Description of problem: Enable intel-pt on host, boot guest with cpu mode=host-model, flag intel-pt is not added into qemu cli. Version-Release number of selected component (if applicable): qemu-kvm-4.2.0-28.module+el8.2.1+7211+16dfe810 libvirt-client-6.0.0-25.module+el8.2.1+7154+47ffd890.x86_64 kernel-4.18.0-193.11.1.el8_2.x86_64 How reproducible: always Steps to Reproduce: 1. Set pt_mode = 1 on Icelake host first, # rmmod kvm_intel # modprobe kvm_intel pt_mode=1 2. Boot guest with libvirt cpu mode=host-model <cpu mode='host-model'/> 3. Check qemu cli Actual results: Flag intel-pt is not in qemu cli: -machine pc-q35-rhel8.2.0,accel=kvm,usb=off,dump-guest-core=off \ -cpu Icelake-Server,ss=on,vmx=on,hypervisor=on,tsc-adjust=on,avx512ifma=on,sha-ni=on,md-clear=on,stibp=on,arch-capabilities=on,xsaves=on,ibpb=on,amd-ssbd=on,rdctl-no=on,ibrs-all=on,skip-l1dfl-vmentry=on,mds-no=on,pschange-mc-no=on,mpx=off,hv-time,hv-vapic,hv-spinlocks=0x1000 Expected results: Option "intel-pt=on" should be added into qemu cli. Additional info: Reproduce with both pc and q35 machine type.
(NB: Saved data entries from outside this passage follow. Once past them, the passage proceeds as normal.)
lemma abs_summable_on_iff_pos_neg_part:
  fixes x :: "nat \<Rightarrow> real"
  shows "(\<lambda>n. \<bar>x n\<bar>) summable_on A \<longleftrightarrow>
    (\<lambda>n. pos_part (x n)) summable_on A \<and> (\<lambda>n. neg_part (x n)) summable_on A"
proof
  assume abs: "(\<lambda>n. \<bar>x n\<bar>) summable_on A"
  show "(\<lambda>n. pos_part (x n)) summable_on A \<and> (\<lambda>n. neg_part (x n)) summable_on A"
    by (intro conjI summable_on_comparison_test[OF abs]) (auto simp: pos_part_def neg_part_def)
next
  assume "(\<lambda>n. pos_part (x n)) summable_on A \<and> (\<lambda>n. neg_part (x n)) summable_on A"
  then have "(\<lambda>n. pos_part (x n) + neg_part (x n)) summable_on A"
    by (auto intro: summable_on_add)
  moreover have "pos_part (x n) + neg_part (x n) = \<bar>x n\<bar>" for n
    by (simp add: pos_part_def neg_part_def)
  ultimately show "(\<lambda>n. \<bar>x n\<bar>) summable_on A"
    by simp
qed
theorem mainTheorem12:
  fixes m n :: nat and P :: "nat \<Rightarrow> nat \<Rightarrow> real"
  assumes "0 < m" and "0 < n" and "P \<in> Gamma_pi m n"
  shows "(even m \<longrightarrow>
            (extreme_mat P (Gamma_pi m n) \<longleftrightarrow>
               is_forest (bip_adj m n P) \<and> (\<forall>i\<in>{1..m}. row_degree n P i = 1)))
       \<and> (\<forall>k. m = 2 * k + 1 \<longrightarrow>
            (extreme_mat P (Gamma_pi m n) \<longleftrightarrow>
               is_forest (bip_adj m n P)
               \<and> row_degree n P (k + 1) \<in> {1, 2}
               \<and> (\<forall>i\<in>{1..m}. i \<noteq> k + 1 \<longrightarrow> row_degree n P i = 1)))"
proof -
  have "extreme_mat P (Gamma_pi m n) \<longleftrightarrow> (\<forall>i\<in>{1..m}. rigid_row m n P i)"
    using extreme_mat_iff_rigid_rows[OF assms(3)] .
  also have "\<dots> \<longleftrightarrow> (\<forall>i\<in>{1..m}. row_degree n P i \<in> (if i = m + 1 - i then {1, 2} else {1}))"
    using rigid_row_iff_row_degree[OF assms(3)] by (intro ball_cong) auto
  finally have extreme_iff: "extreme_mat P (Gamma_pi m n) \<longleftrightarrow> \<dots>" .
  show ?thesis
  proof (intro conjI impI allI)
    assume "even m"
    then have "i \<noteq> m + 1 - i" for i by presburger
    moreover have "is_forest (bip_adj m n P)" if "\<forall>i\<in>{1..m}. row_degree n P i = 1"
      using that by (intro is_forest_bip_adj_if_row_degree_le_1[where c = 0]) auto
    ultimately show "extreme_mat P (Gamma_pi m n) \<longleftrightarrow>
        is_forest (bip_adj m n P) \<and> (\<forall>i\<in>{1..m}. row_degree n P i = 1)"
      using extreme_iff by auto
  next
    fix k assume m: "m = 2 * k + 1"
    then have "i = m + 1 - i \<longleftrightarrow> i = k + 1" for i by auto
    moreover have "is_forest (bip_adj m n P)" if "\<forall>i\<in>{1..m}. i \<noteq> k + 1 \<longrightarrow> row_degree n P i = 1"
      using that by (intro is_forest_bip_adj_if_row_degree_le_1[where c = "k + 1"]) auto
    moreover have "k + 1 \<in> {1..m}" using m by simp
    ultimately show "extreme_mat P (Gamma_pi m n) \<longleftrightarrow> is_forest (bip_adj m n P)
        \<and> row_degree n P (k + 1) \<in> {1, 2} \<and> (\<forall>i\<in>{1..m}. i \<noteq> k + 1 \<longrightarrow> row_degree n P i = 1)"
      using extreme_iff by auto
  qed
qed

end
Add Regression keyword since the test passed before in https://bugzilla.redhat.com/show_bug.cgi?id=1526581#c7.
We need more information on what information QEMU is returning through QMP, to know where exactly is the problem. I suggest the following: 1) adding the following to the /etc/libvirt/libvirtd.conf: log_filters="1:libvirt 1:util 1:qemu" log_outputs="1:file:/var/log/libvirt/libvirtd.log" 2) delete /var/cache/libvirt/qemu/capabilities/* 3) restart libvirtd 4) reproduce the bug 5) Run: # grep QEMU_MONITOR /var/log/libvirt/libvirtd.log | grep -3 query-cpu-model-expansion Please also attach /var/log/libvirt/libvirtd.log to the BZ, just in case there's other information useful for debugging the problem.
There's a missing step in the instructions below: (In reply to Eduardo Habkost from comment #2) [...] > 2) delete /var/cache/libvirt/qemu/capabilities/* 2.1) reload kvm_intel with pt_mode=1 # rmmod kvm_intel # modprobe kvm_intel pt_mode=1 > > 3) restart libvirtd [...] Maybe we are dealing with two separate issues here: intel_pt not being enabled in some circumstances, and also lack of invalidation of QEMU capabilities cache when the kernel command line or kvm module arguments change.
Created attachment 1700100 [details] libvirtd.log
Created attachment 1700101 [details] output of step 5)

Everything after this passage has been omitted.